***** Records to process

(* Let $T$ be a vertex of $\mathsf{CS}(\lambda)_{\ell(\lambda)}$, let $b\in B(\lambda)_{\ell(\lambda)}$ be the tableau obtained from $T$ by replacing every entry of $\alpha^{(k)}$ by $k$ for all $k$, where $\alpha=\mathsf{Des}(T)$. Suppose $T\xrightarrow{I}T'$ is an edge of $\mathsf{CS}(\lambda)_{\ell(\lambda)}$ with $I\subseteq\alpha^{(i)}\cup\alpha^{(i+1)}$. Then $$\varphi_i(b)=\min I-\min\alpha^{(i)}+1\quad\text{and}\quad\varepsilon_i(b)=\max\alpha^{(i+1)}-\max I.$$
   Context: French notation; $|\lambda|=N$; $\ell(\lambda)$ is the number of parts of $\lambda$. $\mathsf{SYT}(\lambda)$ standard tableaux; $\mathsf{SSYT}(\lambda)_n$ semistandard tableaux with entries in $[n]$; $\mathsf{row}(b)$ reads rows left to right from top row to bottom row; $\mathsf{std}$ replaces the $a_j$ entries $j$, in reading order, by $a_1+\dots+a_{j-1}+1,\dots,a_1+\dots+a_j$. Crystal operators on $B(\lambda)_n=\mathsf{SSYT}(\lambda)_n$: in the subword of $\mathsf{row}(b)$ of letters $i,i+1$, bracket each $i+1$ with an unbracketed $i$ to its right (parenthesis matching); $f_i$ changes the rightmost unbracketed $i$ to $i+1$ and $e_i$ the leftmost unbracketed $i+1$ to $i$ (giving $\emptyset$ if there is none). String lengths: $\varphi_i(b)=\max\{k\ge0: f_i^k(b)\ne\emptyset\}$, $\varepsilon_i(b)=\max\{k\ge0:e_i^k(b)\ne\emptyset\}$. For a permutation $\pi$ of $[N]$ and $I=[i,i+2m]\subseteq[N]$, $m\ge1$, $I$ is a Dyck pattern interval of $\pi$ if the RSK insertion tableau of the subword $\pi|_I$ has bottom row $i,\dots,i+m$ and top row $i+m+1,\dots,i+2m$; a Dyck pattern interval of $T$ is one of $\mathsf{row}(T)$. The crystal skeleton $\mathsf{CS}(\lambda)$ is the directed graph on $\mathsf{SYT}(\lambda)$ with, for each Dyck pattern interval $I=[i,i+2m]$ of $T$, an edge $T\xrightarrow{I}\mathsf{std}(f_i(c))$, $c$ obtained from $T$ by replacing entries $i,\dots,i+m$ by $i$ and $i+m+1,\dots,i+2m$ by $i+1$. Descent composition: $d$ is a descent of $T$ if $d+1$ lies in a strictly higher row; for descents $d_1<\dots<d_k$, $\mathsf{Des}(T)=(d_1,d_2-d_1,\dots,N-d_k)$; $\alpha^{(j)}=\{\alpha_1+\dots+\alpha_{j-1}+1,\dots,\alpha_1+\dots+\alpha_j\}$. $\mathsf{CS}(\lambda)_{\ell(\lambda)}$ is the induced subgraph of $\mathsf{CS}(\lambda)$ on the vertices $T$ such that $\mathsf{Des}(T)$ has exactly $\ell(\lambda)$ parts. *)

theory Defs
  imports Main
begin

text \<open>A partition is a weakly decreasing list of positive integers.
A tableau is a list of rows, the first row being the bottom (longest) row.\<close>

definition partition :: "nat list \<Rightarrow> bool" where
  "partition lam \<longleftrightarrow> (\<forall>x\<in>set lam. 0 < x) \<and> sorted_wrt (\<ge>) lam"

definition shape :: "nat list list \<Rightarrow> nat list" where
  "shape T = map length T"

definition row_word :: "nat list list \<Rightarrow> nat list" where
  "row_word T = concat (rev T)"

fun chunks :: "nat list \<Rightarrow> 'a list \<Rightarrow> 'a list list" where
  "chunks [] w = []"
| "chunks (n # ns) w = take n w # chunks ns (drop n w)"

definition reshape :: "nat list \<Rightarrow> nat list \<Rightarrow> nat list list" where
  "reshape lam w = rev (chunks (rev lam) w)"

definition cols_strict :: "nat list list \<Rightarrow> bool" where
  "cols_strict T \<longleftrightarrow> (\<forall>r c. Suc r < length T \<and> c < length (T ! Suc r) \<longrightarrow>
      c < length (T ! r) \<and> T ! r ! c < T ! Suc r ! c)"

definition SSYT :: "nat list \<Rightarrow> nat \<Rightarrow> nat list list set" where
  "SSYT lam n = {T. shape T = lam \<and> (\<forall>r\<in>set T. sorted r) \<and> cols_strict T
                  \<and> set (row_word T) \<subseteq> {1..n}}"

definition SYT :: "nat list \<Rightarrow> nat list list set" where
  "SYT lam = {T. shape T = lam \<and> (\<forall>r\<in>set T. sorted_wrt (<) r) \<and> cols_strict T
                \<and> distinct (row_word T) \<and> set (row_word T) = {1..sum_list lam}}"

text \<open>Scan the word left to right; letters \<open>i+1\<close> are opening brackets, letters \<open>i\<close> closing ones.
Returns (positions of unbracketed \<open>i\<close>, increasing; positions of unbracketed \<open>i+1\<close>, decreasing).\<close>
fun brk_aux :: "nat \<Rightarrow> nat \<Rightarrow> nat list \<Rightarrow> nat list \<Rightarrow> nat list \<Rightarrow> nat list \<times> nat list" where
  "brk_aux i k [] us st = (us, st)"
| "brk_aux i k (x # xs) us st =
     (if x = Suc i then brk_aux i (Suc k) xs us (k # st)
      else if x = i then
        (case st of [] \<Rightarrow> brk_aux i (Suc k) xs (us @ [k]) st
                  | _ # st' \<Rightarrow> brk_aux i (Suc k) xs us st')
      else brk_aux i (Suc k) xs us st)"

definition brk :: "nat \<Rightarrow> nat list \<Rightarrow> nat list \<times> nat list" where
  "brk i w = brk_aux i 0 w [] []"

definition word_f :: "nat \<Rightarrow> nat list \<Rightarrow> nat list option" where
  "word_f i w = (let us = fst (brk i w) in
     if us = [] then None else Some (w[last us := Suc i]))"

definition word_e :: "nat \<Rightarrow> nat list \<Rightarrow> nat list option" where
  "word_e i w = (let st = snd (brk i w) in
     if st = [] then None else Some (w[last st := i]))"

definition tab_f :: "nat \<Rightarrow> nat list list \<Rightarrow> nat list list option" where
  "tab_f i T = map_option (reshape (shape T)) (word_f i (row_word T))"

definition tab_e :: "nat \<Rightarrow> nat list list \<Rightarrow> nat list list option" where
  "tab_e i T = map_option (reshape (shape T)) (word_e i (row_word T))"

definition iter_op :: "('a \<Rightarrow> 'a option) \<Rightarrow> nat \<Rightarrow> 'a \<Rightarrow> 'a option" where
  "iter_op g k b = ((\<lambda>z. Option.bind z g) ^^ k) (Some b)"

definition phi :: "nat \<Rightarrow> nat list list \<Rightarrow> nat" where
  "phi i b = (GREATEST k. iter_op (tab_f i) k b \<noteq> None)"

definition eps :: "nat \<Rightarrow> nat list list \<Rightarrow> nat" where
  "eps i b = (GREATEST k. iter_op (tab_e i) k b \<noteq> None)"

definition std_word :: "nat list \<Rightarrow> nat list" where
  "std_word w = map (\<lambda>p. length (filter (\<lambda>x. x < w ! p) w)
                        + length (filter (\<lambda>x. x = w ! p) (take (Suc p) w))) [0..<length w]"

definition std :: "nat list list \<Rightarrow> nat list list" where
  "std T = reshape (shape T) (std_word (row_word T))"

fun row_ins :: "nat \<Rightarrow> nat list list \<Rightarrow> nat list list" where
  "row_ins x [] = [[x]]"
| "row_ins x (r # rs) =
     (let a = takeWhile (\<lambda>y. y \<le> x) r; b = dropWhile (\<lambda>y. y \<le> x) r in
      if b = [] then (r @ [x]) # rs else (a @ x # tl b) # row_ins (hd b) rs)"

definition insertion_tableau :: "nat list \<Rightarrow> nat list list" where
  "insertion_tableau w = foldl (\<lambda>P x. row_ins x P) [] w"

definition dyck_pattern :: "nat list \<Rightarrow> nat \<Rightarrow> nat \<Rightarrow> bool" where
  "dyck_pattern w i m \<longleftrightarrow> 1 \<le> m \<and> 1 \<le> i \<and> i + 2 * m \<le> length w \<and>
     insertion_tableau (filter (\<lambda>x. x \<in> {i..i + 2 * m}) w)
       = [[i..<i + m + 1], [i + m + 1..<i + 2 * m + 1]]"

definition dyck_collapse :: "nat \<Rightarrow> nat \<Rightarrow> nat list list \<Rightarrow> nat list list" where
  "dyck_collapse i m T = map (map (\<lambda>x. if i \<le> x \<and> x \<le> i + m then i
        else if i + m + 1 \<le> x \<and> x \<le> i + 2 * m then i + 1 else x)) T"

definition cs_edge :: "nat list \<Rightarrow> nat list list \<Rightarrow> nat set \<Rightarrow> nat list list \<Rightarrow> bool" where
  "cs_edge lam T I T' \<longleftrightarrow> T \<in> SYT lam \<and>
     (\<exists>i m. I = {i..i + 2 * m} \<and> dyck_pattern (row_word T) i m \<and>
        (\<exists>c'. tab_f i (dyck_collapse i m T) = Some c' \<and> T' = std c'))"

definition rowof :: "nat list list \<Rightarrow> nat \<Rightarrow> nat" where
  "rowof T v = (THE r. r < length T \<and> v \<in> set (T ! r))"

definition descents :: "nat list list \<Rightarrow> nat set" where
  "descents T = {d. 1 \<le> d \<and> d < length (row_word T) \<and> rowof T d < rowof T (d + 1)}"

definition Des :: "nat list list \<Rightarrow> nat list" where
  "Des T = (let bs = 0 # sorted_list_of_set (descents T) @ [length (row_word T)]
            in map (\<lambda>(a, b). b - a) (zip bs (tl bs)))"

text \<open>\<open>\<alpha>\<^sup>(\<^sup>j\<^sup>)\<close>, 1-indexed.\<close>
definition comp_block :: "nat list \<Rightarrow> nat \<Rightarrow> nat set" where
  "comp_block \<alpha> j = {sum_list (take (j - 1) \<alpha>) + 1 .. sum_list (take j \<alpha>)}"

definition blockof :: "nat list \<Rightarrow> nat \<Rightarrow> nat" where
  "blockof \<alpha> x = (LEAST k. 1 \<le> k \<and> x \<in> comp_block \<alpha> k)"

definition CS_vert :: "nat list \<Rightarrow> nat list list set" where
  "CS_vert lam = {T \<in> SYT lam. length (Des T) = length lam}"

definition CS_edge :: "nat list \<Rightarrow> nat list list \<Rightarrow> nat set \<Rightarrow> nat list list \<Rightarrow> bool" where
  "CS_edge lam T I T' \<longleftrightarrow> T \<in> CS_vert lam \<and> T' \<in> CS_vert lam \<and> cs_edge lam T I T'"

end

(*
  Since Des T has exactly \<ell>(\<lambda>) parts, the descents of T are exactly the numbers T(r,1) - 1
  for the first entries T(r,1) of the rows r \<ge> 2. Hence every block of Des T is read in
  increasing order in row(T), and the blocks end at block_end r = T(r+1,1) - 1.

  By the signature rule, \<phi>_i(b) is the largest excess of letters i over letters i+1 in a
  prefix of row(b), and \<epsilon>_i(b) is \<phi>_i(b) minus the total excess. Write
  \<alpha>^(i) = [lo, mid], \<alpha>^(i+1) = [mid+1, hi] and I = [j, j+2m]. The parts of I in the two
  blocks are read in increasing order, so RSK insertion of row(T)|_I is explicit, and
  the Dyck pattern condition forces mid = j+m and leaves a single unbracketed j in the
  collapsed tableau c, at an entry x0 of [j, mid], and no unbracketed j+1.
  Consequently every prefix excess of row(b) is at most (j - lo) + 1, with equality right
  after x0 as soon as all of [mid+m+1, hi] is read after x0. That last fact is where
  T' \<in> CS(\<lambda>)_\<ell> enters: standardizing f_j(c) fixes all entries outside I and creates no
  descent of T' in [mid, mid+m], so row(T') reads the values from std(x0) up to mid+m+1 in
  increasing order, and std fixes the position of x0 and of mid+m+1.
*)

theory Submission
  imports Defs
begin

**********

→ **Work task**: Where the data above reaches the line holding "(LEAST k. 1", begin printing, and stop after the line holding "SYT lam. length". Each line must be reproduced exactly, with nothing else added.

→ **Answer below**:
  "blockof \<alpha> x = (LEAST k. 1 \<le> k \<and> x \<in> comp_block \<alpha> k)"

definition CS_vert :: "nat list \<Rightarrow> nat list list set" where
  "CS_vert lam = {T \<in> SYT lam. length (Des T) = length lam}"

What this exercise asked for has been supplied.